- Study material
(* Every uniform Kan complex $A$ has a connection $c:A^{\mathrm{I}}\to A^{\mathrm{I}\times\mathrm{I}}$.
   Context: Let $\mathbb{B}$ be the category of finite sets $[n]=\{\bot,x_1,\dots,x_n,\top\}$ ($n\ge0$, $\bot\ne\top$) and functions preserving $\bot,\top$; cartesian cubical sets are presheaves on $\mathbb{B}^{op}$. $\mathrm{I}^n$ is the representable on $[n]$, $\mathrm{I}^n\cong\mathrm{I}\times\dots\times\mathrm{I}$, $\mathrm{I}=\mathrm{I}^1$, $\mathrm{I}^0=1$; maps $\mathrm{I}^n\to X$ correspond to $n$-cubes of $X$. The two maps $[1]\to[0]$ give endpoints $0,1:1\to\mathrm{I}$. For $1\le i\le n$, $d\in\{0,1\}$, the face $\alpha_i^d:\mathrm{I}^{n-1}\to\mathrm{I}^n$ inserts $d$ in coordinate $i$; for $e\in\{0,1\}$ the open box $\sqcup^n_e\rightarrowtail\mathrm{I}^n$ is the union of the images of all faces $\alpha_i^d$ with $(i,d)\ne(1,e)$, with inclusion $i^n_e$. A uniform Kan complex is a cubical set $A$ with, for each $n\ge1$, $e\in\{0,1\}$, $k\ge1$ and each $b:\mathrm{I}^k\times\sqcup^n_e\to A$, a chosen extension $\phi(b):\mathrm{I}^k\times\mathrm{I}^n\to A$ of $b$ along $1\times i^n_e$, such that $\phi(b(\alpha\times1))=\phi(b)(\alpha\times1)$ for all $\alpha:\mathrm{I}^j\to\mathrm{I}^k$ ($j\ge 1$). A connection on a cubical set $X$ is a map of cubical sets $c:X^{\mathrm{I}}\to X^{\mathrm{I}\times\mathrm{I}}$ such that for every $n$ and every $n$-cube $a$ of $X^{\mathrm{I}}$, viewed as $a:\mathrm{I}^n\times\mathrm{I}\to X$, with $a_0=a\circ(1\times0):\mathrm{I}^n\to X$, the $n$-cube $c(a)$, viewed as $c(a):\mathrm{I}^n\times\mathrm{I}\times\mathrm{I}\to X$ (coordinates $(u,s,t)$), satisfies: its restriction to $s=1$ is $a$ (as a map $\mathrm{I}^n\times\mathrm{I}\to X$ in $(u,t)$), and its restrictions to $s=0$ and to $t=0$ are both the constant path $a_0\circ\mathrm{pr}_{\mathrm{I}^n}$ at $a_0$. (The restriction to $t=1$ is unconstrained.) *)

theory Defs
  imports Main
begin

text \<open>Elements of [n] = {bot, x_1, ..., x_n, top}: Bot, Top and V i for 1 \<le> i \<le> n.\<close>
datatype pt = Bot | Top | V nat

definition pts :: "nat \<Rightarrow> pt set" where
  "pts m = {Bot, Top} \<union> V ` {1..m}"
(* A nondecreasing sequence of positive integers is the detour sequence of a tree if and only if it is the sequence $1$, or the sequence $2,2$, or it has the form \[(a)_k,\ (a+1)_{k_1},\ (a+2)_{k_2},\ \ldots,\ (m)_{k_l}\] where $m \ge 3$ is an integer, $a=\left\lceil \frac{m+1}{2}\right\rceil$, $l=m-a$, $k_j \ge 2$ for $1\le j\le l$, and $k=1$ if $m$ is odd and $k=2$ if $m$ is even.
   Context: All graphs are finite and simple. The order of a path is its number of vertices. For a vertex $v$ of $G$, $\tau(v)$ is the order of a longest path in $G$ having $v$ as an endvertex. The detour sequence of $G$ is the nondecreasing sequence of the values $\tau(v)$, $v\in V(G)$ (one term per vertex). The notation $(n)_k$ denotes the integer $n$ repeated $k$ times consecutively. *)

theory Defs
  imports Complex_Main "HOL-Library.Multiset"
begin

definition simple_graph :: "'a set \<Rightarrow> ('a \<Rightarrow> 'a \<Rightarrow> bool) \<Rightarrow> bool" where
  "simple_graph V E \<longleftrightarrow> finite V \<and> (\<forall>x y. E x y \<longrightarrow> E y x)
     \<and> (\<forall>x. \<not> E x x) \<and> (\<forall>x y. E x y \<longrightarrow> x \<in> V \<and> y \<in> V)"

definition is_path :: "'a set \<Rightarrow> ('a \<Rightarrow> 'a \<Rightarrow> bool) \<Rightarrow> 'a list \<Rightarrow> bool" where
  "is_path V E p \<longleftrightarrow> p \<noteq> [] \<and> distinct p \<and> set p \<subseteq> V
     \<and> (\<forall>i. Suc i < length p \<longrightarrow> E (p ! i) (p ! Suc i))"

definition is_cycle :: "'a set \<Rightarrow> ('a \<Rightarrow> 'a \<Rightarrow> bool) \<Rightarrow> 'a list \<Rightarrow> bool" where
  "is_cycle V E c \<longleftrightarrow> length c \<ge> 3 \<and> is_path V E c \<and> E (last c) (hd c)"

definition connected_graph :: "'a set \<Rightarrow> ('a \<Rightarrow> 'a \<Rightarrow> bool) \<Rightarrow> bool" where
  "connected_graph V E \<longleftrightarrow>
     (\<forall>u\<in>V. \<forall>v\<in>V. \<exists>p. is_path V E p \<and> hd p = u \<and> last p = v)"

definition is_tree :: "'a set \<Rightarrow> ('a \<Rightarrow> 'a \<Rightarrow> bool) \<Rightarrow> bool" where
  "is_tree V E \<longleftrightarrow> simple_graph V E \<and> V \<noteq> {} \<and> connected_graph V E
     \<and> (\<nexists>c. is_cycle V E c)"

definition tau :: "'a set \<Rightarrow> ('a \<Rightarrow> 'a \<Rightarrow> bool) \<Rightarrow> 'a \<Rightarrow> nat" where
  "tau V E v = Max {length p | p. is_path V E p \<and> (hd p = v \<or> last p = v)}"

definition detour_seq :: "'a set \<Rightarrow> ('a \<Rightarrow> 'a \<Rightarrow> bool) \<Rightarrow> nat list" where
  "detour_seq V E = sorted_list_of_multiset (image_mset (tau V E) (mset_set V))"

end

theory Submission
  imports Defs
begin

- Task objective
Without adding anything, say how many lines in the listing above include the string "noteq".

- Response box
2